Information supplied:
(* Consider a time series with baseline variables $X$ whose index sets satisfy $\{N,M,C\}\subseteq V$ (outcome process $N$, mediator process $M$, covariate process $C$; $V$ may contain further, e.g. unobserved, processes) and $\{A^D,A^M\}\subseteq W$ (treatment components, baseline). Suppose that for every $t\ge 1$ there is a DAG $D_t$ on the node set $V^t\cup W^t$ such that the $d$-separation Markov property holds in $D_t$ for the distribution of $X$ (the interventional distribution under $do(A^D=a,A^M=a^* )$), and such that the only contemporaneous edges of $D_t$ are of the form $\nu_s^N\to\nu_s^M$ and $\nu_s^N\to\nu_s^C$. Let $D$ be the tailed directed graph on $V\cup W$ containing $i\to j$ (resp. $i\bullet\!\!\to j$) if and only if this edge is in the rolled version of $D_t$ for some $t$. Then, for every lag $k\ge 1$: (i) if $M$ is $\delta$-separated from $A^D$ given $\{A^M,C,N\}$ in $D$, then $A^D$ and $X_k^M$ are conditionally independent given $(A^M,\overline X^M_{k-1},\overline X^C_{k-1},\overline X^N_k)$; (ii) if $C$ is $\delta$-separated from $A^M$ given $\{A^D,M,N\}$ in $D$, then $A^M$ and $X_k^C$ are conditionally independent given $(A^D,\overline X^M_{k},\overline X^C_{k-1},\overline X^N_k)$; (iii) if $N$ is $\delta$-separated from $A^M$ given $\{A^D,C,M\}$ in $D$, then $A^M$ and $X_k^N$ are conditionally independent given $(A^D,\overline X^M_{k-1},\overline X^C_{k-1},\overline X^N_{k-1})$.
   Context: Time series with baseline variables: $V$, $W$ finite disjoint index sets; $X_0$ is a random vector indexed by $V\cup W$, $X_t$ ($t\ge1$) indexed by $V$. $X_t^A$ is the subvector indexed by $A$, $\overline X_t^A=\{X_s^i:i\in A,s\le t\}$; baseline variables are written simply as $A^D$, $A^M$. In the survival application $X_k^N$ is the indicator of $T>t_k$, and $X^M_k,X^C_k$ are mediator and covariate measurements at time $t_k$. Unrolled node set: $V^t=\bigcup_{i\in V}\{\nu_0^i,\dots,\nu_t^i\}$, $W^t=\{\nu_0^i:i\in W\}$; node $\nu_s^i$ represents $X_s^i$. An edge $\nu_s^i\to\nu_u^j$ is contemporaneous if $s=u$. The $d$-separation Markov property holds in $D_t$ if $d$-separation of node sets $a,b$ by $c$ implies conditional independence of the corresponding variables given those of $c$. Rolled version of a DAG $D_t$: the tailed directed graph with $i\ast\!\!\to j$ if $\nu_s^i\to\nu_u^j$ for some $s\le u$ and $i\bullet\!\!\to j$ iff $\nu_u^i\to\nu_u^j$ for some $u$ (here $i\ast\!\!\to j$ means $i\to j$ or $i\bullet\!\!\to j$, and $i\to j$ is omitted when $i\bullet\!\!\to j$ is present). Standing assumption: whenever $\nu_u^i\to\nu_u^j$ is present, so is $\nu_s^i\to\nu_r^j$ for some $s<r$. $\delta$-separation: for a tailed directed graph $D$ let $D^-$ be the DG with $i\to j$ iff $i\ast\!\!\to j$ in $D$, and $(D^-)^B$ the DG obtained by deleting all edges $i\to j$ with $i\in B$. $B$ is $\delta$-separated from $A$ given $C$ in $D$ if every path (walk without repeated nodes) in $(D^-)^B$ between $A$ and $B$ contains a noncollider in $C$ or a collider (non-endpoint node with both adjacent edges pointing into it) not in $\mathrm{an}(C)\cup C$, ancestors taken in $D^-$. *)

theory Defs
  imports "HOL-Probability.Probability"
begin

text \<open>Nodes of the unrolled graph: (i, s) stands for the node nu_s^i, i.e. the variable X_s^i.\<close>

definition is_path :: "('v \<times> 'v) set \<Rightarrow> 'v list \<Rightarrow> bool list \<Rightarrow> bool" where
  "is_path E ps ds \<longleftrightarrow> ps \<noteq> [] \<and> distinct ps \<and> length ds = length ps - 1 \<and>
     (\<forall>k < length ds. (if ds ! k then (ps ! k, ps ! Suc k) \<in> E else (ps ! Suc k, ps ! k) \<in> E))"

...

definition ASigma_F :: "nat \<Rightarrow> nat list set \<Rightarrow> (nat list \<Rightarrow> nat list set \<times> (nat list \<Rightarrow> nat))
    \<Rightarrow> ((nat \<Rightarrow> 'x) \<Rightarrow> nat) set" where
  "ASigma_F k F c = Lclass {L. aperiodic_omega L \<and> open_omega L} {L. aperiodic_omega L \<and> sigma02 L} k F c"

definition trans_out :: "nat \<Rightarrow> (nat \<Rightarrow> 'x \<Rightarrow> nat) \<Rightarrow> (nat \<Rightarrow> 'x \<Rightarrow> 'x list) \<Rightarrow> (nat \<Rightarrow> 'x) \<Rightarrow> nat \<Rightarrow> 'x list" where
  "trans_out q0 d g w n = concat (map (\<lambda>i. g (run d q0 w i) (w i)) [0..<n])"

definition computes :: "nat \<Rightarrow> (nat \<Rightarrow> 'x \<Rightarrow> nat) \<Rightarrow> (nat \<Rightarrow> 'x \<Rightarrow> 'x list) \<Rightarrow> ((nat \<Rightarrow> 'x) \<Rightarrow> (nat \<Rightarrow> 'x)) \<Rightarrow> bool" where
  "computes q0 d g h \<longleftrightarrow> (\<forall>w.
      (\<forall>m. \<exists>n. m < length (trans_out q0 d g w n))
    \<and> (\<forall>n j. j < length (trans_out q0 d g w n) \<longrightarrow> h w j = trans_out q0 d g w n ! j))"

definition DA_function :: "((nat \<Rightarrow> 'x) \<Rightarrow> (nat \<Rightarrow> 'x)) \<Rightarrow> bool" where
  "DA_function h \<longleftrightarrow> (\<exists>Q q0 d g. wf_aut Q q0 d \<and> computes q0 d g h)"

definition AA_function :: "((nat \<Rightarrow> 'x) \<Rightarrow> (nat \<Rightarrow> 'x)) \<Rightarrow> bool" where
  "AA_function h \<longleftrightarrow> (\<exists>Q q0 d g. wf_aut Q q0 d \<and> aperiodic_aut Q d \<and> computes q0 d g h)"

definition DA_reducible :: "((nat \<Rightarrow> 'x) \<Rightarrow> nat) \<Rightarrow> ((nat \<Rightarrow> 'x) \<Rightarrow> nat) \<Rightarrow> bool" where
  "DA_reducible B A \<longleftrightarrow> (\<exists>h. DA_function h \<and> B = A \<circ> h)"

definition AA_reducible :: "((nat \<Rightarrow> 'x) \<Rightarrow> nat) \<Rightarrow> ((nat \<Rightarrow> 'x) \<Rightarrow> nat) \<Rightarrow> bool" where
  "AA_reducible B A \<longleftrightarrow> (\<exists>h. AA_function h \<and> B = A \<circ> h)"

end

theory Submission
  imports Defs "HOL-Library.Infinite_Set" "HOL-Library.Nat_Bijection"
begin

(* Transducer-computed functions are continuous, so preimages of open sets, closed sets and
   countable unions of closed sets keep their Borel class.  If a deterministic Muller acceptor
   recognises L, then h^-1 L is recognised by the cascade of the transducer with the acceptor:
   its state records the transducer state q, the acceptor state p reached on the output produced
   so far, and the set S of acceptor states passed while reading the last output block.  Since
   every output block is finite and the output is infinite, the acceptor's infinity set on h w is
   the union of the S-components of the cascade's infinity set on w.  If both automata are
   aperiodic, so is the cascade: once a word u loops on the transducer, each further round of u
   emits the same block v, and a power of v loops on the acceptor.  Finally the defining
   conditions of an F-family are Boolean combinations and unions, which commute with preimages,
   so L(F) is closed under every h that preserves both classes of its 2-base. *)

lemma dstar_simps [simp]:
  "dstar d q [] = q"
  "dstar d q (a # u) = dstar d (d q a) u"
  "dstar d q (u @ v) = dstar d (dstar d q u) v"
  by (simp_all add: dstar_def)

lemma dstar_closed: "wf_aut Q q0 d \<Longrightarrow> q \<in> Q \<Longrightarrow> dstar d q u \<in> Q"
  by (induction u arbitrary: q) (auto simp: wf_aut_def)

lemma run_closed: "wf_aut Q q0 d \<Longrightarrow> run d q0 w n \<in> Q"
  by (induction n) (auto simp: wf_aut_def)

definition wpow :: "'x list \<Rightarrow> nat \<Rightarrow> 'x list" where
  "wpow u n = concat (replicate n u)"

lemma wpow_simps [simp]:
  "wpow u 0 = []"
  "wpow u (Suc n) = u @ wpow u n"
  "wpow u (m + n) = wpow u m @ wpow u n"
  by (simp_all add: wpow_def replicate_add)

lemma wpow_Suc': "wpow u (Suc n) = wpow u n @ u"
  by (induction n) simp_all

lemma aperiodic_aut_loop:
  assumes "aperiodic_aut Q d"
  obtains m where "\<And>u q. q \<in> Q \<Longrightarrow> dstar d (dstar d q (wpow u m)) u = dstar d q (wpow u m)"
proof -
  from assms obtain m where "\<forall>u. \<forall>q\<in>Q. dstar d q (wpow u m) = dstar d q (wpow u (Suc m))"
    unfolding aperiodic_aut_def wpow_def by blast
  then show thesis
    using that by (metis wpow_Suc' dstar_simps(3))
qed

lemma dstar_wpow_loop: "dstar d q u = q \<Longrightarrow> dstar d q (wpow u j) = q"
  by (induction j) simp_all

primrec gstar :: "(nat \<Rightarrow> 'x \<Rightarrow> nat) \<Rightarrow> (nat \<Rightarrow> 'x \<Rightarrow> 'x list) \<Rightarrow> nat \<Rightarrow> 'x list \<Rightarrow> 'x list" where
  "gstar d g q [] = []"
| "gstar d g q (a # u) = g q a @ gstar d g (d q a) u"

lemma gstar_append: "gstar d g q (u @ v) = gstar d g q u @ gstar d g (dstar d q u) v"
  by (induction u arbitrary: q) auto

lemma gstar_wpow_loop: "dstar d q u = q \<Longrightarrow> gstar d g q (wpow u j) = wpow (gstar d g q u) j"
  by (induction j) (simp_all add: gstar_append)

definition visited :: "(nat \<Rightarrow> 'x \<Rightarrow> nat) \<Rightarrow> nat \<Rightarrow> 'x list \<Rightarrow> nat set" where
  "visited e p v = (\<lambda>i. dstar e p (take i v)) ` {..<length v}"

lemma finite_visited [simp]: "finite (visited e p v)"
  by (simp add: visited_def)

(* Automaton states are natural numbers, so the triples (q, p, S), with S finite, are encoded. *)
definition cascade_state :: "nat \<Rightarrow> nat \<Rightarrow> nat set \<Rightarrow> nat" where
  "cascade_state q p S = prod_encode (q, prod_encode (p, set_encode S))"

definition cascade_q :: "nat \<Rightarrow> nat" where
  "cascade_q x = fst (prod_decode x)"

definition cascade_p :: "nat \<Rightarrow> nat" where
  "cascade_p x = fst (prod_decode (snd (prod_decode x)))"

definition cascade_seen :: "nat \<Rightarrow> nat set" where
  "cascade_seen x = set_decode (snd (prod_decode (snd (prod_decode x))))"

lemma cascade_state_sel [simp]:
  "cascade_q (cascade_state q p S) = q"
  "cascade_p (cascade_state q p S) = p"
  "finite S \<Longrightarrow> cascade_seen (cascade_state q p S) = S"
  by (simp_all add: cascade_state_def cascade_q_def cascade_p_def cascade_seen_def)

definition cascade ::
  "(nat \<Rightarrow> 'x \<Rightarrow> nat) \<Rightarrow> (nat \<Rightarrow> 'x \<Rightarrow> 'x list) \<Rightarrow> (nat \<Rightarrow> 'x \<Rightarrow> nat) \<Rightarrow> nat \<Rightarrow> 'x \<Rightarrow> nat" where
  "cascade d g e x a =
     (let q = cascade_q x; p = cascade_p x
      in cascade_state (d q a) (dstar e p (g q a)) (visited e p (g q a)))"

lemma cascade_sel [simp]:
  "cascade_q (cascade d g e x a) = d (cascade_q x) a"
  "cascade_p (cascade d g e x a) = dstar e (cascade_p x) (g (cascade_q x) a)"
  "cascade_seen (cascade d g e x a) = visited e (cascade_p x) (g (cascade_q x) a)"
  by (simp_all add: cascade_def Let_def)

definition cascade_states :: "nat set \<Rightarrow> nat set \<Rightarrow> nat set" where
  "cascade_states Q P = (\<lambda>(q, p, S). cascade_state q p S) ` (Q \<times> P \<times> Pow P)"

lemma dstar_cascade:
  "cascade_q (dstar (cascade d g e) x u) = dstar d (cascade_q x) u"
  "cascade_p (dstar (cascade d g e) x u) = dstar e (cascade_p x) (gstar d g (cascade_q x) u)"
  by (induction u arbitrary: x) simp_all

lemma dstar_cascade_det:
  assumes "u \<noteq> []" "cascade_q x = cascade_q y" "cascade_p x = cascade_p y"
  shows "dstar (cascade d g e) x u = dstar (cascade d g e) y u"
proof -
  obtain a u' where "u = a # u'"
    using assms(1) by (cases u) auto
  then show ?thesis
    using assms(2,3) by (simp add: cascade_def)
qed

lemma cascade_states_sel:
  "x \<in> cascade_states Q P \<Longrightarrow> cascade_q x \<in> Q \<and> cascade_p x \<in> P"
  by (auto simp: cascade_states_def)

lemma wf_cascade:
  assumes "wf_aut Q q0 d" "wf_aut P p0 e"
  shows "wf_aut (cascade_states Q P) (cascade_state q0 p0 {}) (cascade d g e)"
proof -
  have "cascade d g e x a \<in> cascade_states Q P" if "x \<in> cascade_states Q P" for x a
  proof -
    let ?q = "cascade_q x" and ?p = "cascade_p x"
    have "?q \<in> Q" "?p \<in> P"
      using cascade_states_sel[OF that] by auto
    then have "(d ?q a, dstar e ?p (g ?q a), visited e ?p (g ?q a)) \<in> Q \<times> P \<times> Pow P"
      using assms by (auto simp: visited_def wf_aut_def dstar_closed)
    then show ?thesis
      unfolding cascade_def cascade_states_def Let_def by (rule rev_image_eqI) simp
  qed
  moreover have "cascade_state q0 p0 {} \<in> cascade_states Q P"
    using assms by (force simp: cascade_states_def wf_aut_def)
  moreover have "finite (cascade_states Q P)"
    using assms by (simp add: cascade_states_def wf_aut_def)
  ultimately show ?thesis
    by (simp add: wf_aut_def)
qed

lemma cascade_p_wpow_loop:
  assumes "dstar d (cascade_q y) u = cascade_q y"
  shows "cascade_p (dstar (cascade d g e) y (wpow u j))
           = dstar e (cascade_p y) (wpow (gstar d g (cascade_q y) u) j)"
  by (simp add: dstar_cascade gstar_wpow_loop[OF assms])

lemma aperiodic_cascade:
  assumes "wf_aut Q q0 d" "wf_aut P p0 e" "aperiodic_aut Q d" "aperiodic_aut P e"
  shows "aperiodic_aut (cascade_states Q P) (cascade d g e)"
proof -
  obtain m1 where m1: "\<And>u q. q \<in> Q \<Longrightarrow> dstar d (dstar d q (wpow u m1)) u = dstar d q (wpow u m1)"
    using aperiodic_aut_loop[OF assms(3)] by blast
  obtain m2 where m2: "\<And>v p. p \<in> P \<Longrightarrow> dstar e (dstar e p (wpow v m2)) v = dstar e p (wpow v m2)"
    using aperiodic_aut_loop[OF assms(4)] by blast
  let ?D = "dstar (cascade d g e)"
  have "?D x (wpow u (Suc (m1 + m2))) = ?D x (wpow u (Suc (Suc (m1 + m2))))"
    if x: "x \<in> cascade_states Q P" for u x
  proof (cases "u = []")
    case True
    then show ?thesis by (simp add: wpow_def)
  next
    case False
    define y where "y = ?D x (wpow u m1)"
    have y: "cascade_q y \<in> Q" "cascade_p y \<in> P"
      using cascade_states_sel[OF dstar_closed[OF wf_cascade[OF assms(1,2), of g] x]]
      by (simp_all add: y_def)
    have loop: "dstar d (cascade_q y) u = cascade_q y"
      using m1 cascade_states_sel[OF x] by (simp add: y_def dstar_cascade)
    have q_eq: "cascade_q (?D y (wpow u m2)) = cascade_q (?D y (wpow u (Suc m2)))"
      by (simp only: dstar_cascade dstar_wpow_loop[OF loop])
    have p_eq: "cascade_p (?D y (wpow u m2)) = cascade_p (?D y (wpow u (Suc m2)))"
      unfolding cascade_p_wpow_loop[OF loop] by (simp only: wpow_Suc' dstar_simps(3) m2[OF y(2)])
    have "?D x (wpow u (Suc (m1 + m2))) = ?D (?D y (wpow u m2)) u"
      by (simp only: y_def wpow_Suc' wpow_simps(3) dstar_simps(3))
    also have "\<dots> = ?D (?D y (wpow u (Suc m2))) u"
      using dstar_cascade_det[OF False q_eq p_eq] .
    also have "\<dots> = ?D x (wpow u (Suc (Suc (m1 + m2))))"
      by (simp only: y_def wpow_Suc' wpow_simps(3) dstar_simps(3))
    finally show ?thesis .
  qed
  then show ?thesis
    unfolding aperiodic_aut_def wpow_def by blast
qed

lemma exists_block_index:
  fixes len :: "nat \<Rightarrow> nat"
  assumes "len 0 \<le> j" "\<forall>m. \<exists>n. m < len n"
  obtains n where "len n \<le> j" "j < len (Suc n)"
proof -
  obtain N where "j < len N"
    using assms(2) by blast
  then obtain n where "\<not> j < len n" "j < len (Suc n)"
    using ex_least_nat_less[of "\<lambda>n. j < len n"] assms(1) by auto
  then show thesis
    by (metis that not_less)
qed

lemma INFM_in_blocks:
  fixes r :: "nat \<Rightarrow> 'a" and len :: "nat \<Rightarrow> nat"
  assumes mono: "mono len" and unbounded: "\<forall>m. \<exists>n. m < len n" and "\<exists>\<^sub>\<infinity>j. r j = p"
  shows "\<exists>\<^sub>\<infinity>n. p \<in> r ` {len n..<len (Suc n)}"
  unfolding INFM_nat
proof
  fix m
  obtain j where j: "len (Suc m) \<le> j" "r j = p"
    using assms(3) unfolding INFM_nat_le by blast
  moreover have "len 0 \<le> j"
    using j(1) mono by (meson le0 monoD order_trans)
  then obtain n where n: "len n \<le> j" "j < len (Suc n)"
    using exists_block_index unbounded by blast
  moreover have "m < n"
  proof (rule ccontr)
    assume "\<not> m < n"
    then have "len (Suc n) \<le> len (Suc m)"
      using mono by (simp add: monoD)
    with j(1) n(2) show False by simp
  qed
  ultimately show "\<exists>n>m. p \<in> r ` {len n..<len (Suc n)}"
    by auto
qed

What you need to do: A single figure is required: the number of lines in the data above in which the word "imports" appears.

Response: 2